(Your goal) Report each line of the material below where the word "abbreviation" can be found.

(Source records)
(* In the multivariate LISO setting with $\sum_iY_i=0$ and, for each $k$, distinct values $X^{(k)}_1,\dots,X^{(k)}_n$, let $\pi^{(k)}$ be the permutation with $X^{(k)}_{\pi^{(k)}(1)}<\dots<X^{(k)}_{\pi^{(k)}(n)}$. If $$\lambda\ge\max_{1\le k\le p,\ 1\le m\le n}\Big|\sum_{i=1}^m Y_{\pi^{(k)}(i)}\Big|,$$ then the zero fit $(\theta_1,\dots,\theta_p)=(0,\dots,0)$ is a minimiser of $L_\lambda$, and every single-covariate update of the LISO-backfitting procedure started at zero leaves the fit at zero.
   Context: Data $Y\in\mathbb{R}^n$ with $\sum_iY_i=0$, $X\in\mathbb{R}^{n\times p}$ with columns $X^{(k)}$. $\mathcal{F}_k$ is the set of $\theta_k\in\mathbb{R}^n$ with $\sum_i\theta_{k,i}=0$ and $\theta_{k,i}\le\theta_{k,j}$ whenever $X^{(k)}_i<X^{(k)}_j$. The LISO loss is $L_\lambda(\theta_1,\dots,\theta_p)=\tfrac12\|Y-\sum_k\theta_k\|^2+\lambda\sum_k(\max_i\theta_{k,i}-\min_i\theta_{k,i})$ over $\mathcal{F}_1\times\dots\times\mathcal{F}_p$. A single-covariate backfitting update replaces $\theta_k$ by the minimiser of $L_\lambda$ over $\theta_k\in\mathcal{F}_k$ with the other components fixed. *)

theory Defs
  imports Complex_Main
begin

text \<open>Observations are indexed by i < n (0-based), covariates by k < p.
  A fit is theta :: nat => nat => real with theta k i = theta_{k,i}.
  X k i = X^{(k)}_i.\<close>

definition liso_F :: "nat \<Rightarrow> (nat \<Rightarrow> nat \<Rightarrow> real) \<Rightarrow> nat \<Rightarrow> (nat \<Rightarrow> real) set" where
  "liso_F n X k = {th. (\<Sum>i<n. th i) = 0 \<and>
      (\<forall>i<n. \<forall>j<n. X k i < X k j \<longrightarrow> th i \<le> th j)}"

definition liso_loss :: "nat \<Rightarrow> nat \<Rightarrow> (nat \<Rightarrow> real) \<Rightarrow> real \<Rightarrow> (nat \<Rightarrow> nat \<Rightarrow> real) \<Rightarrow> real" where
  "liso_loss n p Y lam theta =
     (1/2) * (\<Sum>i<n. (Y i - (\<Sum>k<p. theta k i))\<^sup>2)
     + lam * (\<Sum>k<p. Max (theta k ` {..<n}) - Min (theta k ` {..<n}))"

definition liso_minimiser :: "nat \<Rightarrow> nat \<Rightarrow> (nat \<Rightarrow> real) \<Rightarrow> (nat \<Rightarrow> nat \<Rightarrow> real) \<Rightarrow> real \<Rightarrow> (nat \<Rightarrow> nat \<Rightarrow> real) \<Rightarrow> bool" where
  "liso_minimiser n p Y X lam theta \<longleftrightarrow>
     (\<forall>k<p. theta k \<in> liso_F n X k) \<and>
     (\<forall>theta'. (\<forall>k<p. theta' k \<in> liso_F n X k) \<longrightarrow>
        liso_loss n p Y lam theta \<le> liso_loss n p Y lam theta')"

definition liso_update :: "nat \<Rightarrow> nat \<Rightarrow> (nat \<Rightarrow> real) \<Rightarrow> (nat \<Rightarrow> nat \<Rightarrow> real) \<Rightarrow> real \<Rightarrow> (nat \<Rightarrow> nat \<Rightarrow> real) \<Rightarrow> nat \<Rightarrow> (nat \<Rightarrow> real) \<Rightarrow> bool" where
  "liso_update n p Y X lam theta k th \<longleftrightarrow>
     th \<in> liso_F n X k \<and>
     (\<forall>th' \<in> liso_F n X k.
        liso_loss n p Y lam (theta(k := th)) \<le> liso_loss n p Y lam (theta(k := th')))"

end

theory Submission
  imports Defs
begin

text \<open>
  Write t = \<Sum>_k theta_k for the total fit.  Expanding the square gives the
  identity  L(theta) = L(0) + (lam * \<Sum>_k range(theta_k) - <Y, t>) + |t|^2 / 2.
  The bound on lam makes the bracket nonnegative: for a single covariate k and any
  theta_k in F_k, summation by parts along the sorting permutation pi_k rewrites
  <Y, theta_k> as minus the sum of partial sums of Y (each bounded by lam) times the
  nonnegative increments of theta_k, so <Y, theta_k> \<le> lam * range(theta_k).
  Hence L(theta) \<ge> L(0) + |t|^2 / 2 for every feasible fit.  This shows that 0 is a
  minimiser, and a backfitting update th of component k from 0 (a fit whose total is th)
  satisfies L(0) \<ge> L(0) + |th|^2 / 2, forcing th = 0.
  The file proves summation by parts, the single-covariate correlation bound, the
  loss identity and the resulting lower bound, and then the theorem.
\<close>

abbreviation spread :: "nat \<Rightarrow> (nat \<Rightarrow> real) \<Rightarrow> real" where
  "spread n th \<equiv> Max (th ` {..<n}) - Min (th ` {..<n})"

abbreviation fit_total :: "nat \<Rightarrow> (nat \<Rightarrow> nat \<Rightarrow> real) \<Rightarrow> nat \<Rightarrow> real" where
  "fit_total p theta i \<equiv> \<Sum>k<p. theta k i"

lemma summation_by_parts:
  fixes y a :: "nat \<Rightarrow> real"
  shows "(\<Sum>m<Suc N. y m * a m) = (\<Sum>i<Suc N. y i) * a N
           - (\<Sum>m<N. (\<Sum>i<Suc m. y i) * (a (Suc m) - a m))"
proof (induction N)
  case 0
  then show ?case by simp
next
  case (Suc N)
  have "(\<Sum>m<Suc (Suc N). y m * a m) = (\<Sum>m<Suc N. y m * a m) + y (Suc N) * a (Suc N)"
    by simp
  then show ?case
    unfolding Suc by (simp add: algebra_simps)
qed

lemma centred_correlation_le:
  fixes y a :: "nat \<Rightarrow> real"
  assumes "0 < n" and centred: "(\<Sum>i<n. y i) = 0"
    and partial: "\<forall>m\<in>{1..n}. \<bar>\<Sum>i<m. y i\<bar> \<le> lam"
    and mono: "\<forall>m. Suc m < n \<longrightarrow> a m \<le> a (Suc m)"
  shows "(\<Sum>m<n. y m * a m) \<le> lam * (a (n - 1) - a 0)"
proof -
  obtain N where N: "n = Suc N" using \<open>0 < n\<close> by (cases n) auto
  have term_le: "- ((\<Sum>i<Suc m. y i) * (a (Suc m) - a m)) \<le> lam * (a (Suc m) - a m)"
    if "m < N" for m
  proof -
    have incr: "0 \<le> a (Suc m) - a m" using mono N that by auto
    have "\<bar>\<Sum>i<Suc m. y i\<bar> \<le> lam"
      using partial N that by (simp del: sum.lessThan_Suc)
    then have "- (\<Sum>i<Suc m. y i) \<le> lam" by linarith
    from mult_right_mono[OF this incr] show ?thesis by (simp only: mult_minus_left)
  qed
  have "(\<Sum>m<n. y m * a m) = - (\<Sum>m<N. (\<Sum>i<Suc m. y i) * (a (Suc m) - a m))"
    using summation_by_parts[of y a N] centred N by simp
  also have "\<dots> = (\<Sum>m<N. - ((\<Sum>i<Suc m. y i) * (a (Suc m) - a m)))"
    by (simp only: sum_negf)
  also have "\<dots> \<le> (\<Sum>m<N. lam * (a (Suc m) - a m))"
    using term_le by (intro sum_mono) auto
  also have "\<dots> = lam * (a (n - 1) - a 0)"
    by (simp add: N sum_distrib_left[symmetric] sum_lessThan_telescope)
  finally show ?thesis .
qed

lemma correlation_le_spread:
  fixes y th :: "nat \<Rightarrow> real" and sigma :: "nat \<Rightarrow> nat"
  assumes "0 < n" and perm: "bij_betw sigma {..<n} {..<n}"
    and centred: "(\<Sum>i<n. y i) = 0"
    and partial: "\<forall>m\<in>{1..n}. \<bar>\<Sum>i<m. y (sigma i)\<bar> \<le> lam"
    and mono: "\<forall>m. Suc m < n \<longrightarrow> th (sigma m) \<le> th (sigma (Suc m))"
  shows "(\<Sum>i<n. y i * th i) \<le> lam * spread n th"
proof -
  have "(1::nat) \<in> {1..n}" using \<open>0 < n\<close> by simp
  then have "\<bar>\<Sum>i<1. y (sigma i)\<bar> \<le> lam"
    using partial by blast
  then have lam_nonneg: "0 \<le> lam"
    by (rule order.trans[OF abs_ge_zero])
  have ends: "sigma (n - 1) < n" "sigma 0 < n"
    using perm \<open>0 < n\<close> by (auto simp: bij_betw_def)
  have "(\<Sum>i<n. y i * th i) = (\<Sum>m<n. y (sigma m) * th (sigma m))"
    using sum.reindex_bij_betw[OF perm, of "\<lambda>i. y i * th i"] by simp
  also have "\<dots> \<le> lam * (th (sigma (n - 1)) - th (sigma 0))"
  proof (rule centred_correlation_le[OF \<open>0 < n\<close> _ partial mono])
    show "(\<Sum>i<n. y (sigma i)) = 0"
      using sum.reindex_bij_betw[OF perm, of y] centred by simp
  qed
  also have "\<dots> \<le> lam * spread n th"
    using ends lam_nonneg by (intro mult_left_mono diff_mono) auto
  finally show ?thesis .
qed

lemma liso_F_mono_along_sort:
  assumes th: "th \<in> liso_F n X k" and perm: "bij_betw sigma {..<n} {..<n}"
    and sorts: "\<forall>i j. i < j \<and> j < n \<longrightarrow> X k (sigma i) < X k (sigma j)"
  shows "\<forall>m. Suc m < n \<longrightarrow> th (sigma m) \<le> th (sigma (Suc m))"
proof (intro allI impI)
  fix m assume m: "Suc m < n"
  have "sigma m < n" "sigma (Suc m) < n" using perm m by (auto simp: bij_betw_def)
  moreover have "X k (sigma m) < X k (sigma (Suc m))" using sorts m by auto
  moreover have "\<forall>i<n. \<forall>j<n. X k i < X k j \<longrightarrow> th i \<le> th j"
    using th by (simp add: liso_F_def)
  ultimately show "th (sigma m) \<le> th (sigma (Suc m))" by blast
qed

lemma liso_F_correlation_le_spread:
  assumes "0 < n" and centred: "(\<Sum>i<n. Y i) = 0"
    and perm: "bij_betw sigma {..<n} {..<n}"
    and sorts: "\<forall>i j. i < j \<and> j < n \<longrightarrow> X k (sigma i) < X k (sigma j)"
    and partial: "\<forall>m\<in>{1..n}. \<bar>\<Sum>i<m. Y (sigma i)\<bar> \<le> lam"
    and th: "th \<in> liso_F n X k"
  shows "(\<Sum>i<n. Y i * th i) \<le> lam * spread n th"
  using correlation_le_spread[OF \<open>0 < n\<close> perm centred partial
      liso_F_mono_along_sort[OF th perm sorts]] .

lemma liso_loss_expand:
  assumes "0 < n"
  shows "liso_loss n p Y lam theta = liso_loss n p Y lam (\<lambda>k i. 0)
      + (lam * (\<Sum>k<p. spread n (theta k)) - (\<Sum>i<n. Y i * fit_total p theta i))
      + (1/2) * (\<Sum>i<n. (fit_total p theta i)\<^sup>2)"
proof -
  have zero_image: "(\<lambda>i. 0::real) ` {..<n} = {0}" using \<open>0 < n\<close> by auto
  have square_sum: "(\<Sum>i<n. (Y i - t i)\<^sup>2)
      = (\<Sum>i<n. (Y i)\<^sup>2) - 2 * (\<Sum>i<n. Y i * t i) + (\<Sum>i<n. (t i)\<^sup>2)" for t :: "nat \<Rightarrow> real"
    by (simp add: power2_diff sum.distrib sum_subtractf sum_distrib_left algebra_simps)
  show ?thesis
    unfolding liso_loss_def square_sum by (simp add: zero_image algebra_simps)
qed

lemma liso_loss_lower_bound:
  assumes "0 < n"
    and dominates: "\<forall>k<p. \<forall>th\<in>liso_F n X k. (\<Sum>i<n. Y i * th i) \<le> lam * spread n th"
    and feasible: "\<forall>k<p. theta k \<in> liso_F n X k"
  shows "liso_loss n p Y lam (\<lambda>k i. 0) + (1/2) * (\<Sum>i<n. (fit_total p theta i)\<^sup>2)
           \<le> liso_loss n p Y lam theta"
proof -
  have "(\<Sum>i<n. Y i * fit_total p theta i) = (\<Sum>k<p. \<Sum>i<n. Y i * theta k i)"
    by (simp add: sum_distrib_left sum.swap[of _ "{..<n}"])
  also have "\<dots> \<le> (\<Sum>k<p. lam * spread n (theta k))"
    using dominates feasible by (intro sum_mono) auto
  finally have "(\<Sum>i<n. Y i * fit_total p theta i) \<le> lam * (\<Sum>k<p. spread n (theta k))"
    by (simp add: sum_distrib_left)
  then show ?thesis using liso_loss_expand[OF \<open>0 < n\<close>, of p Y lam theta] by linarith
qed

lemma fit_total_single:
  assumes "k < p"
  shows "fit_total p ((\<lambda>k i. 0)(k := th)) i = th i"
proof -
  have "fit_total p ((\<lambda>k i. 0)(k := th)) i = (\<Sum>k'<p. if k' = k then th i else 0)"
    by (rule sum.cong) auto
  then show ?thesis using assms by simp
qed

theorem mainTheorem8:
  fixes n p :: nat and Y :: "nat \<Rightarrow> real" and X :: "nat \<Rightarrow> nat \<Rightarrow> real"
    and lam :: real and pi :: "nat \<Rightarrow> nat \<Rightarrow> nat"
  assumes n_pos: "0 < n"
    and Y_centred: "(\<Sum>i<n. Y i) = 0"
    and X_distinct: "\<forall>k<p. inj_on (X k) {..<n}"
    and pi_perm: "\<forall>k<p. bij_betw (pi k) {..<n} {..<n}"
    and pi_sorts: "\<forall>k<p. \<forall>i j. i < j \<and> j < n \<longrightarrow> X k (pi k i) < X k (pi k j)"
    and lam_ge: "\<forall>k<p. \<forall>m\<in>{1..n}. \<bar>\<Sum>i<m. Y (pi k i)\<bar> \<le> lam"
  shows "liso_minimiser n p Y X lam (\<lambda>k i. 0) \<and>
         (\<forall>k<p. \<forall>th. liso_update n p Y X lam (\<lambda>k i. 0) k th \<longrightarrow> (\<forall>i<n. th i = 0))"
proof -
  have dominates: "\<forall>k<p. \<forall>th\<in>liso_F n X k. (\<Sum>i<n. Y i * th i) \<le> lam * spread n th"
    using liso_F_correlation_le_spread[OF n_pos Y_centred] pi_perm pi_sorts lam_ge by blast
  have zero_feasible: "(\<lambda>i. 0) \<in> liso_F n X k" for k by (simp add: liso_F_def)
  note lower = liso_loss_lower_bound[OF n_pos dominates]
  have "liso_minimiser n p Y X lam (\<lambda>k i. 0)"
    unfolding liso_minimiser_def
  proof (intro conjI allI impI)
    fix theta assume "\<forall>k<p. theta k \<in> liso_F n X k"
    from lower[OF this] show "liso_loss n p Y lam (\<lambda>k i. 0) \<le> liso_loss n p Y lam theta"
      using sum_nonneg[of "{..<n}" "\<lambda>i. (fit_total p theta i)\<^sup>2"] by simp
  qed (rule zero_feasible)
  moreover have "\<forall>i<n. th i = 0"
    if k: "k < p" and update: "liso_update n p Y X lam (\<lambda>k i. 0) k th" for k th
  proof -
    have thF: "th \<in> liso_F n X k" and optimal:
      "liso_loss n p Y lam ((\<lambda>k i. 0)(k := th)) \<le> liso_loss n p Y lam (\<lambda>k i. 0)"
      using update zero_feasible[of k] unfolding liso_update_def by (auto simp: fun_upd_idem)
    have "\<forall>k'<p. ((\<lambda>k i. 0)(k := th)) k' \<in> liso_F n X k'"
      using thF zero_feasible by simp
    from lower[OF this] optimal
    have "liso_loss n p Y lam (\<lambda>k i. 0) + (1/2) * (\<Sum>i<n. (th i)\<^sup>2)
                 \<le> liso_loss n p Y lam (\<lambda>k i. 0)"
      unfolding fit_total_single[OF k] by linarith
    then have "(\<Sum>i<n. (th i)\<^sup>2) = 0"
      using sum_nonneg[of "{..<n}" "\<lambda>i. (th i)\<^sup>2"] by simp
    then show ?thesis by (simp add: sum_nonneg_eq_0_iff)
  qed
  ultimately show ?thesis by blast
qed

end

* * *

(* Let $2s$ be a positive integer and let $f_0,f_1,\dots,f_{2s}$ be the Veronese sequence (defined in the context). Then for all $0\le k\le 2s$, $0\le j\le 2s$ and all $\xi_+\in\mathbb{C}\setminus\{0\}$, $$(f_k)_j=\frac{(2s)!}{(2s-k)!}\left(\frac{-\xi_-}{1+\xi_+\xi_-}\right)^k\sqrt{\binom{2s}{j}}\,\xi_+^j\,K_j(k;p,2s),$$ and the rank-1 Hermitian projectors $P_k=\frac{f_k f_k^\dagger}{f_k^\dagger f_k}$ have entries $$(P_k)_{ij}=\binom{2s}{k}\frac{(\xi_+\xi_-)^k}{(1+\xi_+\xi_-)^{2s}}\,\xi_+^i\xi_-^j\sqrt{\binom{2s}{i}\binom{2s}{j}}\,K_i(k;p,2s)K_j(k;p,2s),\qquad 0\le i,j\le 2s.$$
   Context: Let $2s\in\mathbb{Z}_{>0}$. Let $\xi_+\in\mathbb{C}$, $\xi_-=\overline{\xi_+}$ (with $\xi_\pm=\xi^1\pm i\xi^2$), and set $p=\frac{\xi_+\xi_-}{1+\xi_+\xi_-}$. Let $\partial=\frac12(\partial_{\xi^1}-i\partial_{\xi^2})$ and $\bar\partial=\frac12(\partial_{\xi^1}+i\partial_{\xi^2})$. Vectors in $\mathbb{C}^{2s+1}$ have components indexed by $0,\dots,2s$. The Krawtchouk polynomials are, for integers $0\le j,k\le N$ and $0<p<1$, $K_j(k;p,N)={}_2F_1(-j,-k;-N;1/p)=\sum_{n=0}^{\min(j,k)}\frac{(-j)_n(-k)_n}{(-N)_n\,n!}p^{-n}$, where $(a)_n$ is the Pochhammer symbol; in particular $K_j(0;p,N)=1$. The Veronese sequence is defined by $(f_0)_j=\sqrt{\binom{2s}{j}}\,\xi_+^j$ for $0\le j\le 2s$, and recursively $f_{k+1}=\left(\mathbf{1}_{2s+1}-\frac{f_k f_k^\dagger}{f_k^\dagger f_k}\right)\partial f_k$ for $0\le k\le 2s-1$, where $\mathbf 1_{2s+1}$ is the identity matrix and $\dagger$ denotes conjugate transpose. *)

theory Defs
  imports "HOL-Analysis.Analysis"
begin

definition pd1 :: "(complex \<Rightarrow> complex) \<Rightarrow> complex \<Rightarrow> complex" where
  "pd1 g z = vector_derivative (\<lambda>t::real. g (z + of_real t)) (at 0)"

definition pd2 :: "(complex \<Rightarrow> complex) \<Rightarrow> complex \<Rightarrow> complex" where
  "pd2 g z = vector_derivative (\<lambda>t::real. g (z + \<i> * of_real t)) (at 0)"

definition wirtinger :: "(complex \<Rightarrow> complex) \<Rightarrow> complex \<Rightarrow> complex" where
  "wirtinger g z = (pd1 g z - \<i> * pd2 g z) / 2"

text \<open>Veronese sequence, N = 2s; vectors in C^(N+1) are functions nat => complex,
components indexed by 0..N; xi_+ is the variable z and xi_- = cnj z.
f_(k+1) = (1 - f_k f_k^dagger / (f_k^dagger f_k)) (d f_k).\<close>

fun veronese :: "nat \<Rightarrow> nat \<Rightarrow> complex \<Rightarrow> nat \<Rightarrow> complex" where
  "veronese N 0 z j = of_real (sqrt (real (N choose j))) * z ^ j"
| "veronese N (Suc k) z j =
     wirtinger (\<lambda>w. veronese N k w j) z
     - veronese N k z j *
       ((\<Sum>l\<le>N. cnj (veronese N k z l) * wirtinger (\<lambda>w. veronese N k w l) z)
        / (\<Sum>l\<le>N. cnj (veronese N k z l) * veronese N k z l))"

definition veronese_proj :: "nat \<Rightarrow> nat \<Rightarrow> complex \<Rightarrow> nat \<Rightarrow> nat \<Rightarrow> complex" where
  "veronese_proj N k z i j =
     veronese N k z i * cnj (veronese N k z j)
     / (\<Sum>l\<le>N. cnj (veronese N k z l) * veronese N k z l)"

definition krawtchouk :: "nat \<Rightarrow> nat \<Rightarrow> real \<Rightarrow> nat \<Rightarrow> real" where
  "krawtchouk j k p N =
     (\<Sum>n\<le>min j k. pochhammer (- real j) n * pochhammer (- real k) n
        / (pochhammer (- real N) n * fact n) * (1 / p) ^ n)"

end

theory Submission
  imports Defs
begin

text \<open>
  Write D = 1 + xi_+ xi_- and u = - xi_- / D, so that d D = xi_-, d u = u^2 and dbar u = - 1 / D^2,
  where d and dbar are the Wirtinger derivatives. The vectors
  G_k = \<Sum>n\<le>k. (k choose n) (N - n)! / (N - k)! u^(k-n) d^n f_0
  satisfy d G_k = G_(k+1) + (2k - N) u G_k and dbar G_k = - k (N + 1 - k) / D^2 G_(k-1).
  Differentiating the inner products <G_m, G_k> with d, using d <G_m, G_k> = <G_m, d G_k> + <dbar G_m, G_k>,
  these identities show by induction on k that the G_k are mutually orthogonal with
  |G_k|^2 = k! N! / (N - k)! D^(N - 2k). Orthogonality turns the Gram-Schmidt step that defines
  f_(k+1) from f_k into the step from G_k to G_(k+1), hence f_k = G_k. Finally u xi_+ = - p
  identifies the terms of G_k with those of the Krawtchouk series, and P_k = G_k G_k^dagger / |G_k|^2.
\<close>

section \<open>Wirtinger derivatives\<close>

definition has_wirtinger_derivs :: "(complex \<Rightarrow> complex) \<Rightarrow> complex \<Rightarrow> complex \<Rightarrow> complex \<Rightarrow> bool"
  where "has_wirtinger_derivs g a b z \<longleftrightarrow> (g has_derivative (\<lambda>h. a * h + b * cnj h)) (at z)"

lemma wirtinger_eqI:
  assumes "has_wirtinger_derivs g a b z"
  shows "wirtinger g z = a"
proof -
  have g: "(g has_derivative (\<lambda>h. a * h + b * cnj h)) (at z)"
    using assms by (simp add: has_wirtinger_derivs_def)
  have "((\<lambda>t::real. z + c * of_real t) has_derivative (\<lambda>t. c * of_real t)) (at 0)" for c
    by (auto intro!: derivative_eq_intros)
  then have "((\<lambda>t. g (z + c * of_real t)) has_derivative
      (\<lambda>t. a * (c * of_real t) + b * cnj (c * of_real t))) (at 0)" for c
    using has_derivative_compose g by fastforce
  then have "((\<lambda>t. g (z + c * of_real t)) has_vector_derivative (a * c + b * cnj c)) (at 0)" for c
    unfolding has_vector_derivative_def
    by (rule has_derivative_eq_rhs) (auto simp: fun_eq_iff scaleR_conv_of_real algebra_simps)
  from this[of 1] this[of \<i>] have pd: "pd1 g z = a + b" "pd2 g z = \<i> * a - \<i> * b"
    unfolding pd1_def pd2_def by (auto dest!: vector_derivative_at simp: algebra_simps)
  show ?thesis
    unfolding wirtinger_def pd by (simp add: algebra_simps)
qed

(Expected answer)
abbreviation spread :: "nat \<Rightarrow> (nat \<Rightarrow> real) \<Rightarrow> real" where
abbreviation fit_total :: "nat \<Rightarrow> (nat \<Rightarrow> nat \<Rightarrow> real) \<Rightarrow> nat \<Rightarrow> real" where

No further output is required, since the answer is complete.